lemma scaling_map_derivative_nth:
  fixes x :: "real^('n::finite, 'm::finite) scaling_coord"
  assumes x: "x \<in> scaling_domain" and G': "(scaling_map lam has_derivative G') (at x)"
  shows "G' h $ Inl p = h $ Inl p"
    and "G' h $ Inr (Inl i) = (\<Sum>j\<in>UNIV. scaled_matrix_deriv lam x h i j) + (\<Sum>i'\<in>UNIV. h $ Inr (Inl i'))"
    and "G' h $ Inr (Inr j) = (\<Sum>i\<in>UNIV. scaled_matrix_deriv lam x h i j)"
proof -
  have nth: "((\<lambda>z. z $ k) has_derivative (\<lambda>h. h $ k)) (at x)" for k :: "('n, 'm) scaling_coord"
    by (rule bounded_linear_imp_has_derivative[OF bounded_linear_vec_nth])
  have G'_nth: "((\<lambda>z. scaling_map lam z $ k) has_derivative (\<lambda>h. G' h $ k)) (at x)" for k
    using bounded_linear_vec_nth G' by (rule bounded_linear.has_derivative)
  note P' = scaled_matrix_has_derivative[OF x]
  show "G' h $ Inl p = h $ Inl p"
    using has_derivative_unique[OF G'_nth[of "Inl p"]] nth[of "Inl p"] by (simp add: fun_eq_iff)
  have "((\<lambda>z. scaling_map lam z $ Inr (Inl i)) has_derivative
      (\<lambda>h. (\<Sum>j\<in>UNIV. scaled_matrix_deriv lam x h i j) + (\<Sum>i'\<in>UNIV. h $ Inr (Inl i')))) (at x)"
    unfolding scaling_map_nth row_sum_def by (intro has_derivative_add has_derivative_sum P' nth)
  from has_derivative_unique[OF G'_nth this]
  show "G' h $ Inr (Inl i) = (\<Sum>j\<in>UNIV. scaled_matrix_deriv lam x h i j) + (\<Sum>i'\<in>UNIV. h $ Inr (Inl i'))"
    by (simp add: fun_eq_iff)
  have "((\<lambda>z. scaling_map lam z $ Inr (Inr j)) has_derivative (\<lambda>h. \<Sum>i\<in>UNIV. scaled_matrix_deriv lam x h i j)) (at x)"
    unfolding scaling_map_nth col_sum_def by (intro has_derivative_sum P')
  from has_derivative_unique[OF G'_nth this]
  show "G' h $ Inr (Inr j) = (\<Sum>i\<in>UNIV. scaled_matrix_deriv lam x h i j)"
    by (simp add: fun_eq_iff)
qed
(* Let $h,n\geq 2$ with $h\leq n!$. Then every subgroup of $S_h\times\{id\}$ is an anonymity group with respect to $(h,n)$.
   Context: Permutations compose as $(\sigma\tau)(x)=\sigma(\tau(x))$. Let $G=S_h\times S_n$ and $\mathcal{P}=(S_n)^h$ (preference profiles), with $G$ acting by $(p^{(\varphi,\psi)})_i=\psi\,p_{\varphi^{-1}(i)}$. A social preference function (SPF) is any $F:\mathcal{P}\to S_n$; its symmetry group is $G(F)=\{(\varphi,\psi)\in G: F(p^{(\varphi,\psi)})=\psi F(p)\ \forall p\}$ and its anonymity group is $G_1(F)=G(F)\cap(S_h\times\{id\})$. A subgroup $U\leq S_h\times\{id\}$ is an anonymity group with respect to $(h,n)$ if $U=G_1(F)$ for some SPF $F$. *)

theory Defs
  imports "HOL-Algebra.Sym_Groups"
begin

text \<open>Agents are 1..h, alternatives are 1..n. A permutation of {1..k} is an element
of carrier (sym_group k) (a function nat => nat permuting {1..k}); composition is (\<circ>),
i.e. (sigma tau)(x) = sigma (tau x).\<close>

definition profiles :: "nat \<Rightarrow> nat \<Rightarrow> (nat \<Rightarrow> (nat \<Rightarrow> nat)) set" where
  "profiles h n = ({1..h} \<rightarrow>\<^sub>E carrier (sym_group n))"

definition prof_act :: "nat \<Rightarrow> (nat \<Rightarrow> nat) \<Rightarrow> (nat \<Rightarrow> nat) \<Rightarrow> (nat \<Rightarrow> (nat \<Rightarrow> nat)) \<Rightarrow> (nat \<Rightarrow> (nat \<Rightarrow> nat))" where
  "prof_act h \<phi> \<psi> p = (\<lambda>i\<in>{1..h}. \<psi> \<circ> p (inv_into {1..h} \<phi> i))"

text \<open>Social preference functions P -> S_n (only values on profiles matter).\<close>
definition SPF :: "nat \<Rightarrow> nat \<Rightarrow> ((nat \<Rightarrow> (nat \<Rightarrow> nat)) \<Rightarrow> (nat \<Rightarrow> nat)) set" where
  "SPF h n = (profiles h n \<rightarrow> carrier (sym_group n))"

definition symmetry_group :: "nat \<Rightarrow> nat \<Rightarrow> ((nat \<Rightarrow> (nat \<Rightarrow> nat)) \<Rightarrow> (nat \<Rightarrow> nat)) \<Rightarrow> ((nat \<Rightarrow> nat) \<times> (nat \<Rightarrow> nat)) set" where
  "symmetry_group h n F = {(\<phi>, \<psi>). \<phi> \<in> carrier (sym_group h) \<and> \<psi> \<in> carrier (sym_group n) \<and>
      (\<forall>p\<in>profiles h n. F (prof_act h \<phi> \<psi> p) = \<psi> \<circ> F p)}"

definition anonymity_group :: "nat \<Rightarrow> nat \<Rightarrow> ((nat \<Rightarrow> (nat \<Rightarrow> nat)) \<Rightarrow> (nat \<Rightarrow> nat)) \<Rightarrow> (nat \<Rightarrow> nat) set" where
  "anonymity_group h n F = {\<phi>. (\<phi>, id) \<in> symmetry_group h n F}"

definition is_anonymity_group :: "nat \<Rightarrow> nat \<Rightarrow> (nat \<Rightarrow> nat) set \<Rightarrow> bool" where
  "is_anonymity_group h n U \<longleftrightarrow> (\<exists>F\<in>SPF h n. anonymity_group h n F = U)"

end

theory Submission
  imports Defs
begin

text \<open>As \<open>h \<le> n!\<close>, some profile \<open>p\<close> assigns pairwise distinct preferences to the
agents, so permuting the agents of \<open>p\<close> is a free action of \<open>S\<^sub>h\<close>. Let \<open>F\<close> be the
identity on the \<open>U\<close>-orbit of \<open>p\<close> and a transposition elsewhere. Then \<open>G\<^sub>1(F)\<close> is the
setwise stabilizer of that orbit: it contains \<open>U\<close>, and any \<open>\<phi>\<close> in it sends \<open>p\<close> to some
\<open>u\<cdot>p\<close> with \<open>u \<in> U\<close>, whence \<open>\<phi> = u\<close> by freeness.\<close>

lemma inv_into_permutes:
  assumes "\<phi> permutes S" "i \<in> S"
  shows "inv_into S \<phi> i = inv' \<phi> i"
  by (metis assms inv_into_f_eq permutes_imp_bij permutes_inverses(1) bij_betw_inv_into_left
      permutes_inv permutes_in_image)

lemma prof_act_permutes:
  assumes "\<phi> permutes {1..h}"
  shows "prof_act h \<phi> \<psi> p = (\<lambda>i\<in>{1..h}. \<psi> \<circ> p (inv' \<phi> i))"
  using assms by (auto simp: prof_act_def inv_into_permutes)

lemma prof_act_id:
  assumes "p \<in> profiles h n"
  shows "prof_act h id id p = p"
  using assms by (auto simp: prof_act_permutes permutes_id profiles_def PiE_def extensional_def)

lemma prof_act_comp:
  assumes "\<phi> permutes {1..h}" "\<phi>' permutes {1..h}"
  shows "prof_act h \<phi> \<psi> (prof_act h \<phi>' \<psi>' p) = prof_act h (\<phi> \<circ> \<phi>') (\<psi> \<circ> \<psi>') p"
proof -
  have "inv' (\<phi> \<circ> \<phi>') = inv' \<phi>' \<circ> inv' \<phi>"
    using assms by (simp add: o_inv_distrib permutes_bij)
  moreover have "inv' \<phi> i \<in> {1..h}" if "i \<in> {1..h}" for i
    using that permutes_inv[OF assms(1)] by (simp only: permutes_in_image)
  ultimately show ?thesis
    using assms
    by (auto simp: prof_act_permutes permutes_compose simp del: atLeastAtMost_iff
        intro!: restrict_ext)
qed

lemma inj_on_prof_act_anon:
  assumes "inj_on p {1..h}"
  shows "inj_on (\<lambda>\<phi>. prof_act h \<phi> id p) {\<phi>. \<phi> permutes {1..h}}"
proof
  fix \<phi> \<phi>'
  assume \<phi>: "\<phi> \<in> {\<phi>. \<phi> permutes {1..h}}" and \<phi>': "\<phi>' \<in> {\<phi>. \<phi> permutes {1..h}}"
    and eq: "prof_act h \<phi> id p = prof_act h \<phi>' id p"
  have "inv' \<phi> i = inv' \<phi>' i" for i
  proof (cases "i \<in> {1..h}")
    case True
    have "inv' \<phi> i \<in> {1..h}" "inv' \<phi>' i \<in> {1..h}"
      using True permutes_inv[of \<phi>] permutes_inv[of \<phi>'] \<phi> \<phi>'
      by (simp_all only: mem_Collect_eq permutes_in_image)
    moreover have "p (inv' \<phi> i) = p (inv' \<phi>' i)"
      using fun_cong[OF eq, of i] True \<phi> \<phi>' by (simp add: prof_act_permutes)
    ultimately show ?thesis
      using assms by (simp add: inj_on_eq_iff)
  next
    case False
    then show ?thesis
      using \<phi> \<phi>' permutes_not_in[OF permutes_inv[of _ "{1..h}"]] by simp
  qed
  then have "inv' \<phi> = inv' \<phi>'" ..
  then show "\<phi> = \<phi>'"
    using \<phi> \<phi>' by (metis mem_Collect_eq permutes_inv_inv)
qed

lemma sym_group_subgroupD:
  assumes "subgroup U (sym_group h)"
  shows "\<And>u. u \<in> U \<Longrightarrow> u permutes {1..h}"
    and "id \<in> U"
    and "\<And>u v. u \<in> U \<Longrightarrow> v \<in> U \<Longrightarrow> u \<circ> v \<in> U"
    and "\<And>u. u \<in> U \<Longrightarrow> inv' u \<in> U"
proof -
  have carrier: "U \<subseteq> carrier (sym_group h)"
    using subgroup.subset[OF assms] .
  show "\<And>u. u \<in> U \<Longrightarrow> u permutes {1..h}"
    using carrier by (auto simp: sym_group_carrier)
  show "id \<in> U"
    using subgroup.one_closed[OF assms] by (simp add: sym_group_one)
  show "\<And>u v. u \<in> U \<Longrightarrow> v \<in> U \<Longrightarrow> u \<circ> v \<in> U"
    using subgroup.m_closed[OF assms] by (simp add: sym_group_mult)
  show "inv' u \<in> U" if "u \<in> U" for u
    using subgroup.m_inv_closed[OF assms that] sym_group_inv_equality[of u h] carrier that by auto
qed

definition anon_orbit ::
  "nat \<Rightarrow> (nat \<Rightarrow> nat) set \<Rightarrow> (nat \<Rightarrow> nat \<Rightarrow> nat) \<Rightarrow> (nat \<Rightarrow> nat \<Rightarrow> nat) set" where
  "anon_orbit h U p = (\<lambda>u. prof_act h u id p) ` U"

definition anon_stabilizer ::
  "nat \<Rightarrow> nat \<Rightarrow> (nat \<Rightarrow> nat \<Rightarrow> nat) set \<Rightarrow> (nat \<Rightarrow> nat) set" where
  "anon_stabilizer h n A =
    {\<phi> \<in> carrier (sym_group h). \<forall>p\<in>profiles h n. prof_act h \<phi> id p \<in> A \<longleftrightarrow> p \<in> A}"

lemma anonymity_group_indicator:
  assumes "\<sigma> \<in> carrier (sym_group n)" "\<sigma> \<noteq> id"
  shows "anonymity_group h n (\<lambda>p. if p \<in> A then id else \<sigma>) = anon_stabilizer h n A"
  using assms
  by (auto simp: anonymity_group_def symmetry_group_def anon_stabilizer_def sym_group_carrier
      permutes_id split: if_splits)

lemma subgroup_subset_anon_stabilizer_orbit:
  assumes "subgroup U (sym_group h)" "p \<in> profiles h n"
  shows "U \<subseteq> anon_stabilizer h n (anon_orbit h U p)"
proof
  fix \<phi> assume "\<phi> \<in> U"
  note U = sym_group_subgroupD[OF assms(1)]
  have \<phi>: "\<phi> permutes {1..h}" "inv' \<phi> permutes {1..h}"
    using U(1)[OF \<open>\<phi> \<in> U\<close>] by (simp_all add: permutes_inv)
  have "prof_act h \<phi> id q \<in> anon_orbit h U p \<longleftrightarrow> q \<in> anon_orbit h U p"
    if "q \<in> profiles h n" for q
  proof
    assume "prof_act h \<phi> id q \<in> anon_orbit h U p"
    then obtain u where "u \<in> U" and u: "prof_act h \<phi> id q = prof_act h u id p"
      by (auto simp: anon_orbit_def)
    have "q = prof_act h (inv' \<phi> \<circ> \<phi>) id q"
      using that \<phi>(1) by (simp add: permutes_inv_o(2) prof_act_id)
    also have "\<dots> = prof_act h (inv' \<phi>) id (prof_act h \<phi> id q)"
      using prof_act_comp[OF \<phi>(2,1), of id id] by simp
    also have "\<dots> = prof_act h (inv' \<phi> \<circ> u) id p"
      using u prof_act_comp[OF \<phi>(2) U(1)[OF \<open>u \<in> U\<close>], of id id] by simp
    finally show "q \<in> anon_orbit h U p"
      using U(3,4) \<open>\<phi> \<in> U\<close> \<open>u \<in> U\<close> by (auto simp: anon_orbit_def)
  next
    assume "q \<in> anon_orbit h U p"
    then obtain u where "u \<in> U" and "q = prof_act h u id p"
      by (auto simp: anon_orbit_def)
    then have "prof_act h \<phi> id q = prof_act h (\<phi> \<circ> u) id p"
      using prof_act_comp[OF \<phi>(1) U(1)[OF \<open>u \<in> U\<close>], of id id] by simp
    then show "prof_act h \<phi> id q \<in> anon_orbit h U p"
      using U(3) \<open>\<phi> \<in> U\<close> \<open>u \<in> U\<close> by (auto simp: anon_orbit_def)
  qed
  then show "\<phi> \<in> anon_stabilizer h n (anon_orbit h U p)"
    using \<phi>(1) by (simp add: anon_stabilizer_def sym_group_carrier)
qed

lemma anon_stabilizer_orbit_subset_subgroup:
  assumes "subgroup U (sym_group h)" "p \<in> profiles h n" "inj_on p {1..h}"
  shows "anon_stabilizer h n (anon_orbit h U p) \<subseteq> U"
proof
  fix \<phi> assume \<phi>: "\<phi> \<in> anon_stabilizer h n (anon_orbit h U p)"
  note U = sym_group_subgroupD[OF assms(1)]
  have "p \<in> anon_orbit h U p"
    unfolding anon_orbit_def
    by (rule image_eqI[where x = id]) (simp_all add: prof_act_id[OF assms(2)] U(2))
  then have "prof_act h \<phi> id p \<in> anon_orbit h U p"
    using \<phi> assms(2) by (simp add: anon_stabilizer_def)
  then obtain u where "u \<in> U" and eq: "prof_act h \<phi> id p = prof_act h u id p"
    by (auto simp: anon_orbit_def)
  moreover have "\<phi> permutes {1..h}"
    using \<phi> by (simp add: anon_stabilizer_def sym_group_carrier)
  ultimately have "\<phi> = u"
    using inj_onD[OF inj_on_prof_act_anon[OF assms(3)], of \<phi> u] U(1) by simp
  with \<open>u \<in> U\<close> show "\<phi> \<in> U"
    by simp
qed

lemma exists_injective_profile:
  assumes "h \<le> fact n"
  shows "\<exists>p\<in>profiles h n. inj_on p {1..h}"
proof -
  have "finite (carrier (sym_group n))"
    by (rule card_ge_0_finite) (simp add: sym_group_card_carrier)
  moreover have "card {1..h} \<le> card (carrier (sym_group n))"
    using assms by (simp add: sym_group_card_carrier)
  ultimately obtain f where "f ` {1..h} \<subseteq> carrier (sym_group n)" "inj_on f {1..h}"
    using card_le_inj[OF finite_atLeastAtMost] by blast
  then have "restrict f {1..h} \<in> profiles h n" "inj_on (restrict f {1..h}) {1..h}"
    by (auto simp: profiles_def)
  then show ?thesis
    by blast
qed

theorem mainTheorem4:
  fixes h n :: nat and U :: "(nat \<Rightarrow> nat) set"
  assumes "h \<ge> 2" and "n \<ge> 2" and "h \<le> fact n"
    and "subgroup U (sym_group h)"
  shows "is_anonymity_group h n U"
proof -
  obtain p where p: "p \<in> profiles h n" "inj_on p {1..h}"
    using exists_injective_profile[OF assms(3)] by blast
  define \<sigma> :: "nat \<Rightarrow> nat" where "\<sigma> = Transposition.transpose 1 2"
  have \<sigma>_carrier: "\<sigma> \<in> carrier (sym_group n)"
    using assms(2) by (simp add: \<sigma>_def sym_group_carrier permutes_swap_id)
  have \<sigma>_nontrivial: "\<sigma> \<noteq> id"
  proof
    assume "\<sigma> = id"
    then have "\<sigma> 1 = 1" by simp
    then show False by (simp add: \<sigma>_def)
  qed
  define F where "F = (\<lambda>q. if q \<in> anon_orbit h U p then id else \<sigma>)"
  have "F \<in> SPF h n"
    using \<sigma>_carrier by (simp add: F_def SPF_def sym_group_carrier permutes_id)
  moreover have "anonymity_group h n F = anon_stabilizer h n (anon_orbit h U p)"
    unfolding F_def by (rule anonymity_group_indicator[OF \<sigma>_carrier \<sigma>_nontrivial])
  moreover have "\<dots> = U"
    using anon_stabilizer_orbit_subset_subgroup[OF assms(4) p]
      subgroup_subset_anon_stabilizer_orbit[OF assms(4) p(1)] by (rule subset_antisym)
  ultimately show ?thesis
    unfolding is_anonymity_group_def by blast
qed

end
◇ ◇ ◇ ◇
**Activity**
The lines that mention the word "imports" should be pulled from the records above.

**Task answer**
  imports "HOL-Algebra.Sym_Groups"
  imports Defs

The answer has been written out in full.